The Phase D Decision Made Consciously

The cost breakdown above represents a conscious Phase D technology architecture decision: the living document that tracks infrastructure economics, latency profiles, service limits, and change notification policies before deployment, not after the first cloud bill arrives. The choice of ECS Fargate over Lambda, the NAT Gateway cost as the largest line item, the DynamoDB on-demand pricing at clinical practice write volumes: these are the architectural economics that most enterprise AI programs have never written down. Writing them down before deployment is the discipline Phase D was designed to enforce.

Close

The checklist does not replace the surgeon. It makes the surgeon's capability consistently available to every patient who needs it.

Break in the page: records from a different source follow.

lemma eta_quotient_F1_eq_crank_gf:
  fixes N s :: nat
  assumes N: "N = 24 * s + 1" and "Im w > 0" and "p > 0" and "\<not> p dvd l"
  shows "(1 - zeta p ^ l) * (eta (of_nat N * w) / eta w * F1 p l w) =
    qq w ^ s * qpoch (qq w ^ N) (qq w ^ N) * crank_gf (zeta p ^ l) (qq w)"
proof -
  define x where "x = qq w"
  define \<zeta> where "\<zeta> = zeta p ^ l"
  have x: "norm x < 1"
    unfolding x_def using \<open>Im w > 0\<close> by (rule norm_qq_less_1)
  have "norm \<zeta> = 1"
    by (simp add: \<zeta>_def norm_power)
  have "\<zeta> \<noteq> 1"
    unfolding \<zeta>_def using zeta_power_eq_1_iff[OF \<open>p > 0\<close>] \<open>\<not> p dvd l\<close> by blast
  have nonzero: "qpoch x x \<noteq> 0" "qpoch (\<zeta> * x) x \<noteq> 0" "qpoch (inverse \<zeta> * x) x \<noteq> 0"
    using x \<open>norm \<zeta> = 1\<close> by (simp_all add: qpoch_nonzero norm_mult norm_inverse)
  have "real N / 24 + 1 / 24 = 1 / 12 + real s"
    using N by (simp add: field_simps)
  then have qpow_exponents: "qpow (of_nat N / 24) w * qpow (1/24) w = qpow (1/12) w * x ^ s"
    unfolding qpow_add x_def qpow_of_nat[symmetric] by simp
  have eta_Nw: "eta (of_nat N * w) = qpow (of_nat N / 24) w * qpoch (x ^ N) (x ^ N)"
    unfolding eta_eq_qpoch qpow_scale qq_scale x_def by simp
  have eta_w: "eta w = qpow (1/24) w * qpoch x x"
    unfolding eta_eq_qpoch x_def ..
  have "E0 p l w = qpow (1/12) w * qpoch \<zeta> x * qpoch (inverse \<zeta> * x) x"
    using E0_eq_qpoch x unfolding x_def \<zeta>_def by blast
  also have "qpoch \<zeta> x = (1 - \<zeta>) * qpoch (\<zeta> * x) x"
    using x \<open>\<zeta> \<noteq> 1\<close> by (rule qpoch_unfold)
  finally have E0: "E0 p l w = qpow (1/12) w * ((1 - \<zeta>) * qpoch (\<zeta> * x) x) * qpoch (inverse \<zeta> * x) x" .
  have "(1 - \<zeta>) * (eta (of_nat N * w) / eta w * F1 p l w) =
      (1 - \<zeta>) * (qpow (of_nat N / 24) w * qpoch (x ^ N) (x ^ N) / (qpow (1/24) w * qpoch x x) *
        ((qpow (1/24) w * qpoch x x) ^ 2 /
          (qpow (1/12) w * ((1 - \<zeta>) * qpoch (\<zeta> * x) x) * qpoch (inverse \<zeta> * x) x)))"
    unfolding F1_def eta_Nw eta_w E0 \<zeta>_def ..
  also have "\<dots> = qpow (of_nat N / 24) w * qpow (1/24) w / qpow (1/12) w * qpoch (x ^ N) (x ^ N) *
      (qpoch x x / (qpoch (\<zeta> * x) x * qpoch (inverse \<zeta> * x) x))"
    using nonzero \<open>\<zeta> \<noteq> 1\<close> by (simp add: field_simps power2_eq_square)
  also have "\<dots> = x ^ s * qpoch (x ^ N) (x ^ N) * crank_gf \<zeta> x"
    unfolding qpow_exponents crank_gf_def by simp
  finally show ?thesis
    unfolding x_def \<zeta>_def .
qed

lemma holomorphic_power_series_abs_summable:
  fixes f :: "complex \<Rightarrow> complex"
  assumes "f holomorphic_on ball z r" and "w \<in> ball z r"
  shows "summable (\<lambda>n. norm ((deriv ^^ n) f z / fact n * (w - z) ^ n))"
proof -
  define \<rho> where "\<rho> = (dist z w + r) / 2"
  have "dist z w < \<rho>" "\<rho> < r"
    using assms(2) by (auto simp: \<rho>_def)
  moreover from this have "\<rho> \<ge> 0"
    using zero_le_dist[of z w] by linarith
  ultimately have "z + of_real \<rho> \<in> ball z r"
    by (simp add: dist_norm)
  from holomorphic_power_series[OF assms(1) this]
  have "summable (\<lambda>n. (deriv ^^ n) f z / fact n * of_real \<rho> ^ n)"
    by (simp add: sums_summable)
  then have "ereal \<rho> \<le> conv_radius (\<lambda>n. (deriv ^^ n) f z / fact n)"
    using conv_radius_geI \<open>\<rho> \<ge> 0\<close> by fastforce
  moreover have "ereal (norm (w - z)) < ereal \<rho>"
    using \<open>dist z w < \<rho>\<close> by (simp add: dist_norm norm_minus_commute)
  ultimately show ?thesis
    by (intro abs_summable_in_conv_radius) (rule order.strict_trans2)
qed

lemma crank_gf_holomorphic:
  assumes "norm x = 1"
  shows "crank_gf x holomorphic_on ball 0 1"
proof -
  have "qpoch (x * q) q * qpoch (inverse x * q) q \<noteq> 0" if "q \<in> ball 0 1" for q
    using that assms by (simp add: qpoch_nonzero norm_mult norm_inverse)
  moreover have "(\<lambda>q. qpoch q q) holomorphic_on ball 0 1"
    using qpoch_holomorphic[of 1] by simp
  ultimately have "(\<lambda>q. qpoch q q / (qpoch (x * q) q * qpoch (inverse x * q) q))
      holomorphic_on ball 0 1"
    by (intro holomorphic_intros qpoch_holomorphic) auto
  then show ?thesis
    unfolding crank_gf_def[abs_def] by simp
qed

The AWS architecture built here does not replace the AI. It makes the AI's capability trustworthy enough to act on. The OAuth token cache that would have silently degraded under serverless now works as designed. Claude's JSON output now fails loudly on schema violations rather than silently rendering missing data in a clinical dashboard. Every recommendation is now logged with the model version, prompt version, and timestamp that a compliance auditor or clinical reviewer would need to evaluate it.

The three gaps identified at the top of this article were not flaws in the AI capability. They were items missing from the pre-flight checklist. The flight plan was correct. The checklist just needed finishing.

The source code is at github.com/paullopez-ai/prior-auth-radar. The live demo remains at prior-auth-radar.vercel.app.